Однако даже если бы такое опосредованное трансцендентное и лишилось своего эскорта – всех этих вводных конструкций вроде «ему приснилось» и «он представил», и тот же черт Карамазова стал виден другим участникам действия, – то и в данном случае вряд ли бы возникла угроза конвенции. Почему? Потому что трансцендентное, присутствующее в реалистических текстах, не так уж трансцендентно, как на первый взгляд кажется, и те метки условности, те невидимые кавычки, чью роль брали на себя вводные конструкции, оказываются намертво вшиты в него самого.

Черт не есть гипотеза чистого разума, занятого конструированием вероятностей. Черт есть ни много ни мало плод пережитого опыта – не повсеместного, да, но и не такого уж исключительного и, кстати, регулярно поверяемого практикой. Спросите у перенесшего белую горячку, что ему являлось в периоды помрачений: мохнатые хрюкающие сущности или звездолеты на фотонной тяге, – и по ответу сразу поймете, реалист перед вами или фантаст. (Тут, как и в любой шутке, есть рациональное зерно: если фантастике удастся прописать звездолеты в массовом сознании так же, как христианская мифология прописала в нем чертей, нельзя исключать, что и звездолеты обретут в мейнстриме свой законный угол.) Но столь сомнительной принадлежности к области пережитого недостаточно, чтобы трансцендентное получило долю в реалистическом повествовании. Избавляясь от «взрослого сопровождения», от прямого, если угодно, гнета опосредования, оно принимает на себя ничуть не менее жесткие обязательства. В чем заключаются эти обязательства? В абсолютном подчинении психологической задаче, стоящей перед героями, в ее обслуживании, причем таком деликатном, что ни на одну минуту само трансцендентное не должно оказаться на месте цели повествования.

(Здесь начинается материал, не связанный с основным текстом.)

lemma h2_inner_self:
  assumes "f \<in> H2"
  shows "h2_inner f f = complex_of_real ((h2_norm f)\<^sup>2)"
proof -
  have "(\<lambda>n. f n * cnj (f n)) = (\<lambda>n. complex_of_real ((cmod (f n))\<^sup>2))"
    by (simp add: fun_eq_iff complex_norm_square[symmetric])
  moreover have "0 \<le> (\<Sum>n. (cmod (f n))\<^sup>2)"
    using assms by (auto simp: H2_def intro: suminf_nonneg)
  ultimately show ?thesis
    using assms by (simp add: h2_inner_def h2_norm_def H2_def suminf_of_real)
qed

lemma h2_inner_shift_left:
  assumes "f \<in> H2" "g \<in> H2"
  shows "h2_inner (shift f) g = h2_inner f (backshift g)"
proof -
  have "summable (\<lambda>n. shift f n * cnj (g n))"
    using assms by (intro summable_h2_inner H2_shift)
  from suminf_split_head[OF this]
  have "(\<Sum>n. shift f n * cnj (g n)) = (\<Sum>n. shift f (Suc n) * cnj (g (Suc n)))"
    by (simp add: shift_def)
  then show ?thesis
    by (simp add: h2_inner_def shift_def backshift_def)
qed

lemma h2_inner_shift_right:
  assumes "f \<in> H2" "g \<in> H2"
  shows "h2_inner f (shift g) = h2_inner (backshift f) g"
proof -
  have "h2_inner f (shift g) = cnj (h2_inner (shift g) f)"
    using h2_inner_commute[OF assms(1) H2_shift[OF assms(2)]] by simp
  also have "\<dots> = cnj (h2_inner g (backshift f))"
    using assms by (simp add: h2_inner_shift_left)
  also have "\<dots> = h2_inner (backshift f) g"
    using h2_inner_commute[OF H2_backshift[OF assms(1)] assms(2)] by simp
  finally show ?thesis .
qed

lemma h2_inner_single_0_right:
  "h2_inner f (\<lambda>n. if n = 0 then c else 0) = f 0 * cnj c"
  unfolding h2_inner_def by (subst suminf_finite[of "{0}"]) auto

lemma h2_norm_nonneg: "f \<in> H2 \<Longrightarrow> 0 \<le> h2_norm f"
  by (simp add: h2_norm_def H2_def suminf_nonneg)

lemma h2_norm_square: "f \<in> H2 \<Longrightarrow> (h2_norm f)\<^sup>2 = (\<Sum>n. (cmod (f n))\<^sup>2)"
  by (simp add: h2_norm_def H2_def suminf_nonneg)
theorem lemma4p10:
  fixes V :: "'a set" and E H :: "'a set set" and w :: "'a set \<Rightarrow> real"
    and k R :: nat and x y a b :: 'a and P :: "'a list" and I :: "nat list"
    and S_R :: "'a set" and center :: "'a \<Rightarrow> 'a"
  assumes G: "wgraph V E w"
    and edges_shortest: "\<forall>e\<in>E. \<forall>u v. e = {u, v} \<longrightarrow> gdist E w u v = ereal (w e)"
    and k: "odd k" "k \<ge> 3" and R: "R = (k - 1) div 2"
    and HG: "H \<subseteq> E"
    and pair: "gdist H w x y > ereal (real k) * gdist E w x y + ereal ((real k - 1) * Wmax E w)"
    and P: "shortest_path E w x y P"
    and S: "minimal_k_segmentation E H w k P I"
    and centers: "\<forall>e\<in>Ek H w k P I. \<forall>v\<in>e.
                    center v \<in> S_R \<and> gdist H w v (center v) \<le> ereal (real R * w e)"
    and a: "a \<in> \<Union>(Ek H w k P I)" and b: "b \<in> \<Union>(Ek H w k P I)"
    and finalized: "gdist H w (center a) (center b)
          \<le> ereal (real k) * gdist E w (center a) (center b) - ereal ((real k)^2 * Wmax E w)"
  shows "\<exists>j. 0 < j \<and> j < length I \<and> {a, b} = {P ! (I ! (j - 1)), P ! (I ! j)} \<and>
             gdist H w a b \<le> ereal (real k) * gdist E w a b"
proof -
  have nonneg: "\<forall>e\<in>E. 0 \<le> w e" and nonneg_H: "\<forall>e\<in>H. 0 \<le> w e"
    using G HG by (auto simp: wgraph_def less_imp_le)
  have "Ek H w k P I \<subseteq> E"
    using S P by (intro Ek_subset_edges) (auto simp: minimal_k_segmentation_def shortest_path_def)
  then have Ek_weight: "0 < w e \<and> w e \<le> Wmax E w" if "e \<in> Ek H w k P I" for e
    using that G Wmax_ge[OF wgraph_finite_edges[OF G]] unfolding wgraph_def by blast
  have center_close: "gdist H w v (center v) \<le> ereal (real R * Wmax E w)"
    if "e \<in> Ek H w k P I" "v \<in> e" for e v
  proof -
    have "real R * w e \<le> real R * Wmax E w"
      using Ek_weight[OF that(1)] by (simp add: mult_left_mono)
    then show ?thesis
      using centers that by (fastforce intro: order_trans)
  qed
  obtain ea eb where a_in: "ea \<in> Ek H w k P I" "a \<in> ea"
    and b_in: "eb \<in> Ek H w k P I" "b \<in> eb"
    using a b by blast
  have W_pos: "0 < Wmax E w"
    using Ek_weight[OF a_in(1)] by linarith
  have "k = 2 * R + 1"
    using k R by (auto elim: oddE)
  with nonneg HG have stretch: "gdist H w a b + ereal (Wmax E w) \<le> ereal (real k) * gdist E w a b"
    using center_close[OF a_in] center_close[OF b_in] finalized by (rule finalized_centers_stretch)
  then have "a \<noteq> b"
    using W_pos by (auto simp: gdist_refl[OF nonneg] gdist_refl[OF nonneg_H])
  have "gdist H w a b \<le> gdist H w a b + ereal (Wmax E w)"
    using W_pos by (intro add_increasing2) auto
  then have "gdist H w a b \<le> ereal (real k) * gdist E w a b"
    using stretch by (rule order_trans)
  moreover obtain ia ib where "ia < length I" "a = P ! (I ! ia)" "ib < length I" "b = P ! (I ! ib)"
    using Ek_vertex_breakpoint[OF a] Ek_vertex_breakpoint[OF b] by blast
  ultimately show ?thesis
    using minimal_k_segmentation_segment[OF S, of ia ib] \<open>a \<noteq> b\<close> by blast
qed

end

Словом, реализм использует элемент небывальщины для форсирования психологической проблемы, между тем как фантастическое в фантастике само является источником проблемы для героя – фантаст интересуется человеком не более, чем архитектор сложением кариатиды, ровно постольку, поскольку человеческая реакция способна поддерживать и оттенять его фантастический замысел.

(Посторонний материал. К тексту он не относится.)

(* Let $d>0$ be a constant, $k,b:\mathbb{R}_+\to\mathbb{R}_+$ measurable and bounded with $\int_0^{+\infty}k(a)da=+\infty$ and $1<\int_0^{+\infty}b(a)e^{-\int_0^ak(u)du}da<+\infty$. Let $\eta_1,\eta_2,c_1,c_2,\tilde c_1,\tilde c_2\ge0$, $c_1^{tot}=\eta_1+c_1>0$, $c_2^{tot}=\eta_2+c_2$. Consider the PDE–ODE system $$\partial_tn_1+\partial_an_1=-\big(k(a)+c_1^{tot}N_1(t)+c_2^{tot}N_2(t)\big)n_1,\qquad n_1(t,0)=\int_0^{+\infty}b(a)n_1(t,a)da,$$ $$\frac{dN_2}{dt}=-\big(d+\tilde c_1N_1+\tilde c_2N_2\big)N_2+\int_0^{+\infty}\big(k(a)+\eta_1N_1+\eta_2N_2\big)n_1(t,a)da,\qquad N_1(t)=\int_0^{+\infty}n_1(t,a)da.$$ Then this system has a unique non-trivial nonnegative steady state $(n_1^*,N_2^* )$ (with $n_1^*\in L^1(\mathbb{R}_+)$). Furthermore, if $d>0$ or $\tilde c_2>0$, then $N_1^*=\int_0^{+\infty}n_1^*(a)da>0$, and if $k\not\equiv0$ or $\eta_1>0$, then $N_2^*>0$.
   Context: A steady state is a time-independent solution $(n_1^*(a),N_2^* )$; non-trivial means different from $(0,0)$. *)

theory Defs
  imports "HOL-Analysis.Analysis"
begin

definition tot :: "(real \<Rightarrow> real) \<Rightarrow> real" where
  "tot n1 = (\<integral>a\<in>{0..}. n1 a \<partial>lborel)"

text \<open>The age-transport equation  n1'(a) = -(k(a) + c1tot N1 + c2tot N2) n1(a)  is imposed in
  integrated (absolutely continuous) form on [0,infty), together with the renewal boundary
  condition and the stationary ODE for N2. Parameters: k b d eta1 eta2 c1 c2 ct1 ct2,
  where ct1, ct2 are tilde c1, tilde c2.\<close>
definition is_steady_state ::
  "(real \<Rightarrow> real) \<Rightarrow> (real \<Rightarrow> real) \<Rightarrow> real \<Rightarrow> real \<Rightarrow> real \<Rightarrow> real \<Rightarrow> real \<Rightarrow> real \<Rightarrow> real
   \<Rightarrow> (real \<Rightarrow> real) \<Rightarrow> real \<Rightarrow> bool" where
  "is_steady_state k b d eta1 eta2 c1 c2 ct1 ct2 n1 N2 \<longleftrightarrow>
     set_integrable lborel {0..} n1 \<and>
     (\<forall>a\<ge>0. n1 a = n1 0 -
        (\<integral>u\<in>{0..a}. (k u + (eta1 + c1) * tot n1 + (eta2 + c2) * N2) * n1 u \<partial>lborel)) \<and>
     n1 0 = (\<integral>a\<in>{0..}. b a * n1 a \<partial>lborel) \<and>
     0 = - (d + ct1 * tot n1 + ct2 * N2) * N2
         + (\<integral>a\<in>{0..}. (k a + eta1 * tot n1 + eta2 * N2) * n1 a \<partial>lborel)"

definition nonneg_nontrivial :: "(real \<Rightarrow> real) \<Rightarrow> real \<Rightarrow> bool" where
  "nonneg_nontrivial n1 N2 \<longleftrightarrow>
     (\<forall>a\<ge>0. n1 a \<ge> 0) \<and> N2 \<ge> 0 \<and> \<not> ((\<forall>a\<ge>0. n1 a = 0) \<and> N2 = 0)"

end

theory Submission
  imports Defs "HOL-Real_Asymp.Real_Asymp"
begin

(* A steady state n1 solves the linear Volterra equation n1(a) = n1(0) - int_0^a (k + l) n1 with the
   constant l = (eta1 + c1) N1 + (eta2 + c2) N2, so a Gronwall argument gives
   n1(a) = n1(0) exp (-K(a) - l a), where K(a) = int_0^a k.  If n1(0) = 0, the N2-equation forces
   N2 = 0.  Otherwise the renewal condition reads F(l) = 1 for the Laplace transform F of the net
   maternity b exp(-K); F is continuous and strictly decreasing from F(0) = R0 > 1 to 0, so l is a
   unique lambda > 0.  Then (N1, N2) lies on the segment (eta1 + c1) N1 + (eta2 + c2) N2 = lambda,
   along which the N2-equation is a quadratic in N2, negative at N2 = 0 and positive at the other
   end; it has exactly one admissible root. *)

lemma const_if_increments_quadratic:
  fixes f :: "real \<Rightarrow> real"
  assumes incr: "\<And>x y. 0 \<le> x \<Longrightarrow> x \<le> y \<Longrightarrow> \<bar>f y - f x\<bar> \<le> C * (y - x)^2"
    and a: "0 \<le> a"
  shows "f a = f 0"
proof -
  have C: "0 \<le> C" using incr[of 0 1] by simp
  have bound: "\<bar>f a - f 0\<bar> * real n \<le> C * a^2" if n: "n \<ge> 1" for n :: nat
  proof -
    define h where "h = a / real n"
    have hn: "h * real n = a" using n by (simp add: h_def)
    have h: "0 \<le> h" using a by (simp add: h_def)
    have "f a - f 0 = (\<Sum>i<n. f (h * real (Suc i)) - f (h * real i))"
      by (subst sum_lessThan_telescope[where f="\<lambda>i. f (h * real i)"]) (simp add: hn)
    also have "\<bar>\<dots>\<bar> \<le> (\<Sum>i<n. \<bar>f (h * real (Suc i)) - f (h * real i)\<bar>)"
      by (rule sum_abs)
    also have "\<dots> \<le> (\<Sum>i<n. C * h^2)"
    proof (rule sum_mono)
      fix i
      have "\<bar>f (h * real (Suc i)) - f (h * real i)\<bar> \<le> C * (h * real (Suc i) - h * real i)^2"
        by (rule incr) (use h in \<open>auto intro: mult_left_mono\<close>)
      then show "\<bar>f (h * real (Suc i)) - f (h * real i)\<bar> \<le> C * h^2"
        by (simp add: algebra_simps)
    qed
    also have "\<dots> = C * a^2 / real n" using n by (simp add: h_def power2_eq_square field_simps)
    finally show ?thesis using n by (simp add: field_simps)
  qed
  show ?thesis
  proof (rule ccontr)
    assume "f a \<noteq> f 0"
    then have pos: "\<bar>f a - f 0\<bar> > 0" by simp
    obtain n :: nat where n: "n > C * a^2 / \<bar>f a - f 0\<bar>" using reals_Archimedean2 by blast
    moreover have "0 \<le> C * a^2 / \<bar>f a - f 0\<bar>" using C pos by simp
    ultimately have "n \<ge> 1" by linarith
    with bound have "\<bar>f a - f 0\<bar> * real n \<le> C * a^2" by blast
    with n pos show False by (simp add: field_simps)
  qed
qed

lemma set_integrable_bounded_Icc:
  fixes f :: "real \<Rightarrow> real"
  assumes "f \<in> borel_measurable borel" "\<And>x. \<bar>f x\<bar> \<le> M"
  shows "set_integrable lborel {x..y} f"
  unfolding set_integrable_def
  by (rule integrableI_bounded_set_indicator[where B=M])
     (use assms in \<open>auto simp: emeasure_lborel_Icc_eq\<close>)

lemma
  fixes f :: "real \<Rightarrow> real"
  assumes "f \<in> borel_measurable borel" "\<And>x. \<bar>f x\<bar> \<le> M"
  shows set_integral_Icc_eq_integral_bounded: "(LINT u:{x..y}|lborel. f u) = integral {x..y} f"
    and integrable_on_Icc_bounded: "f integrable_on {x..y}"
  using set_borel_integral_eq_integral[OF set_integrable_bounded_Icc[OF assms]] by auto

lemma set_integrable_bounded_mult:
  fixes f n :: "real \<Rightarrow> real"
  assumes n: "set_integrable lborel A n" and f[measurable]: "f \<in> borel_measurable borel"
    and f_le: "\<And>x. \<bar>f x\<bar> \<le> C" and A[measurable]: "A \<in> sets borel"
  shows "set_integrable lborel A (\<lambda>x. f x * n x)"
proof (rule set_integrable_bound[where f="\<lambda>x. C * n x"])
  show "set_integrable lborel A (\<lambda>x. C * n x)" using n by (rule set_integrable_mult_right)
  have "(\<lambda>x. indicator A x *\<^sub>R n x) \<in> borel_measurable lborel"
    using n unfolding set_integrable_def by (rule borel_measurable_integrable)
  then have "(\<lambda>x. f x * (indicator A x *\<^sub>R n x)) \<in> borel_measurable borel" by simp
  then show "set_borel_measurable lborel A (\<lambda>x. f x * n x)"
    unfolding set_borel_measurable_def by (simp add: algebra_simps)
  have "0 \<le> C" using f_le[of undefined] by simp
  then show "AE x in lborel. x \<in> A \<longrightarrow> norm (f x * n x) \<le> norm (C * n x)"
    using f_le by (intro AE_I2) (simp add: abs_mult mult_right_mono)
qed

lemma set_integral_mono_set_nonneg:
  fixes n :: "real \<Rightarrow> real"
  assumes "set_integrable lborel A n" "B \<subseteq> A" "B \<in> sets borel" "\<And>x. 0 \<le> n x"
  shows "(LINT x:B|lborel. n x) \<le> (LINT x:A|lborel. n x)"
proof -
  have "set_integrable lborel B n" by (rule set_integrable_subset[OF assms(1)]) (use assms in auto)
  then show ?thesis
    using assms unfolding set_lebesgue_integral_def set_integrable_def
    by (intro integral_mono) (auto simp: indicator_def)
qed

lemma set_integrable_exp_neg_halfline:
  fixes l :: real
  assumes l: "0 < l"
  shows "set_integrable lborel {0..} (\<lambda>x. exp (- l * x))"
proof -
  have "set_integrable lebesgue {0..} (\<lambda>x. exp (- l * x))"
    by (rule nonnegative_absolutely_integrable_1[OF integrable_on_exp_minus_to_infinity[OF l]]) simp
  then show ?thesis unfolding set_integrable_def
    by (subst (asm) integrable_completion) auto
qed

text \<open>Iterating the inequality gives \<open>\<bar>m a\<bar> \<le> B (M a)^j / j!\<close> for every \<open>j\<close>.\<close>
lemma volterra_inequality_imp_zero:
  fixes m :: "real \<Rightarrow> real"
  assumes m[measurable]: "(\<lambda>x. indicator {0..} x * m x) \<in> borel_measurable borel"
    and bounded: "\<And>a. 0 \<le> a \<Longrightarrow> \<bar>m a\<bar> \<le> B"
    and volterra: "\<And>a. 0 \<le> a \<Longrightarrow> \<bar>m a\<bar> \<le> M * (LINT u:{0..a}|lborel. \<bar>m u\<bar>)"
    and M: "0 \<le> M" and a: "0 \<le> a"
  shows "m a = 0"
proof -
  have integrable: "set_integrable lborel {0..a} (\<lambda>u. \<bar>m u\<bar>)" if "0 \<le> a" for a
  proof -
    have "(\<lambda>x. indicator {0..a} x *\<^sub>R \<bar>m x\<bar>)
        = (\<lambda>x. indicator {0..a} x *\<^sub>R \<bar>indicator {0..} x * m x\<bar>)"
      by (auto simp: indicator_def)
    then show ?thesis unfolding set_integrable_def
      by (simp only:) (rule integrableI_bounded_set_indicator[where B=B], use bounded that in auto)
  qed
  have iterate: "\<bar>m a\<bar> \<le> B * M ^ j * a ^ j / fact j" if "0 \<le> a" for j a
    using that
  proof (induction j arbitrary: a)
    case 0 then show ?case using bounded by simp
  next
    case (Suc j)
    have "(LINT u:{0..a}|lborel. \<bar>m u\<bar>) \<le> (LINT u:{0..a}|lborel. (B * M ^ j / fact j) * u ^ j)"
      by (rule set_integral_mono[OF integrable[OF Suc.prems] borel_integrable_atLeastAtMost'])
         (use Suc.IH in auto, auto intro!: continuous_intros)
    also have "\<dots> = (B * M ^ j / fact j) * (a ^ Suc j / Suc j)"
      using integral_power[of 0 a j] Suc.prems
      by (simp add: set_lebesgue_integral_def mult.commute)
    finally have "\<bar>m a\<bar> \<le> M * ((B * M ^ j / fact j) * (a ^ Suc j / Suc j))"
      using volterra[OF Suc.prems] M by (meson mult_left_mono order.trans)
    then show ?case by (simp add: field_simps)
  qed
  have "(\<lambda>j. B * (inverse (fact j) * (M * a) ^ j)) \<longlonglongrightarrow> B * 0"
    by (intro tendsto_mult tendsto_const summable_LIMSEQ_zero summable_exp)
  moreover have "\<bar>m a\<bar> \<le> B * (inverse (fact j) * (M * a) ^ j)" for j
    using iterate[OF a, of j] by (simp add: power_mult_distrib field_simps)
  ultimately have "\<bar>m a\<bar> \<le> 0"
    by (intro LIMSEQ_le_const[where X="\<lambda>j. B * (inverse (fact j) * (M * a) ^ j)"]) auto
  then show ?thesis by simp
qed

lemma exp_neg_le_quadratic:
  fixes D :: real
  assumes "0 \<le> D"
  shows "exp (- D) \<le> 1 - D + D^2"
proof -
  have "exp (- D) \<le> 1 / (1 + D)"
    using exp_ge_add_one_self[of D] assms by (simp add: exp_minus field_simps)
  also have "\<dots> \<le> 1 - D + D^2"
    using assms by (simp add: field_simps power2_eq_square)
  finally show ?thesis .
qed

section \<open>Survival under a bounded measurable hazard rate\<close>

locale bounded_hazard =
  fixes g :: "real \<Rightarrow> real" and M :: real
  assumes measurable_g[measurable]: "g \<in> borel_measurable borel"
    and g_nonneg: "\<And>x. 0 \<le> g x" and g_le: "\<And>x. g x \<le> M"
begin

definition cumhaz :: "real \<Rightarrow> real" where
  "cumhaz a = (LINT u:{0..a}|lborel. g u)"

definition surv :: "real \<Rightarrow> real" where
  "surv a = exp (- cumhaz a)"

definition dens :: "real \<Rightarrow> real" where
  "dens a = g a * surv a"

definition cdf :: "real \<Rightarrow> real" where
  "cdf a = (LINT u:{0..a}|lborel. dens u)"

lemma abs_g_le: "\<bar>g x\<bar> \<le> M"
  using g_nonneg[of x] g_le[of x] by simp

lemma M_nonneg: "0 \<le> M"
  using g_nonneg[of 0] g_le[of 0] by simp

lemma g_integrable_on: "g integrable_on {x..y}"
  by (rule integrable_on_Icc_bounded[OF measurable_g abs_g_le])

lemma integral_g_nonneg: "0 \<le> integral {x..y} g"
  by (rule integral_nonneg[OF g_integrable_on]) (use g_nonneg in auto)

lemma integral_g_le: "x \<le> y \<Longrightarrow> integral {x..y} g \<le> M * (y - x)"
  using integral_le[OF g_integrable_on integrable_const_ivl, of x y M] g_le by (simp add: mult.commute)

lemma cumhaz_eq_integral: "cumhaz a = integral {0..a} g"
  unfolding cumhaz_def by (rule set_integral_Icc_eq_integral_bounded[OF measurable_g abs_g_le])

lemma cumhaz_nonneg: "0 \<le> cumhaz a"
  by (simp add: cumhaz_eq_integral integral_g_nonneg)

lemma cumhaz_nonpos_eq_0: "a \<le> 0 \<Longrightarrow> cumhaz a = 0"
  unfolding cumhaz_eq_integral by (cases "a = 0") auto

lemma cumhaz_add: "0 \<le> x \<Longrightarrow> x \<le> y \<Longrightarrow> cumhaz y = cumhaz x + integral {x..y} g"
  unfolding cumhaz_eq_integral using Henstock_Kurzweil_Integration.integral_combine[OF _ _ g_integrable_on, of 0 x y] by simp

lemma mono_cumhaz: "mono cumhaz"
proof (rule monoI)
  fix x y :: real
  assume xy: "x \<le> y"
  show "cumhaz x \<le> cumhaz y"
  proof (cases "x \<le> 0")
    case True
    then show ?thesis using cumhaz_nonpos_eq_0[of x] cumhaz_nonneg[of y] by simp
  next
    case False
    then show ?thesis using cumhaz_add[OF _ xy] integral_g_nonneg[of x y] by simp
  qed
qed

lemma borel_measurable_cumhaz[measurable]: "cumhaz \<in> borel_measurable borel"
  by (rule borel_measurable_mono[OF mono_cumhaz])

lemma surv_pos: "0 < surv a"
  by (simp add: surv_def)

lemma surv_le_1: "surv a \<le> 1"
  using cumhaz_nonneg[of a] by (simp add: surv_def)

lemma abs_surv_le_1: "\<bar>surv a\<bar> \<le> 1"
  using surv_pos[of a] surv_le_1[of a] by simp

lemma surv_0: "surv 0 = 1"
  by (simp add: surv_def cumhaz_nonpos_eq_0)

lemma surv_antimono: "x \<le> y \<Longrightarrow> surv y \<le> surv x"
  using mono_cumhaz by (simp add: surv_def mono_def)

lemma surv_increment:
  assumes "0 \<le> x" "x \<le> y"
  shows "surv y = surv x * exp (- integral {x..y} g)"
  by (simp add: surv_def cumhaz_add[OF assms] exp_add[symmetric])

lemma borel_measurable_surv[measurable]: "surv \<in> borel_measurable borel"
  unfolding surv_def by measurable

В 1924-1925 годах Михаил Булгаков пишет две повести, и в обеих реализуется практически одна и та же идея. Сформулируем ее предельно общо: катастрофический опыт по созданию нового социального типа. Чем, то есть, его не устроили «Роковые яйца», что он взялся за «Собачье сердце»? Да ровно тем, что отличает фантастическое повествование от реалистического. Главное содержание «Роковых яиц» составляют не психологические коллизии, а приключения «железа», то есть отвлеченной идеи. Тут, в сущности, не за кого переживать. В условиях, когда человеческое бытие сводится к представительской функции, проливать слезы над профессором Персиковым, хотя и принявшим страшную смерть, было бы не менее удивительно, чем болеть за персонажа из инструкции по сборке садового компостера. В «Собачьем сердце» герои уже не являются служебными иллюстрациями для версии франкенштейнского сюжета, но иллюстрируются им. Другой важный момент: несмотря на то, что процедурной стороне чудовищной метаморфозы тут уделено больше внимания, чем в «Роковых яйцах», техника Преображенского, в отличие от техники Персикова, условна и вариативна. Иначе говоря, сотворить то, что сотворил в своем показательном совхозе заведующий Рокк, оказалось возможно лишь благодаря магнифицирующему действию персиковского «луча жизни» и подмене куриных яиц змеиными. Наоборот, для создания Шарикова было совсем необязательно делать то, что сделал у себя в операционной профессор Преображенский, то есть гибридизировать «милейшего пса» и люмпена. Чтобы завести в квартире чудовище, вполне сгодились бы и другие, менее экстраординарные средства – например, как признается сам Преображенский, «любая баба».

И ведь подобная вариативность фантастического включения выявляется не только в «Собачьем сердце». Очевидно, что не случилось бы нарративной катастрофы, если бы вместо носа в одноименной повести действовал глаз или язык, если бы мертвая княгиня явилась бедному Германну не в полусонном бреду, а при столоверчении и если бы охочий до удовольствий доктор Джекил, вместо того чтобы прибегнуть к фармакологии, обратился напрямую к врагу рода человеческого.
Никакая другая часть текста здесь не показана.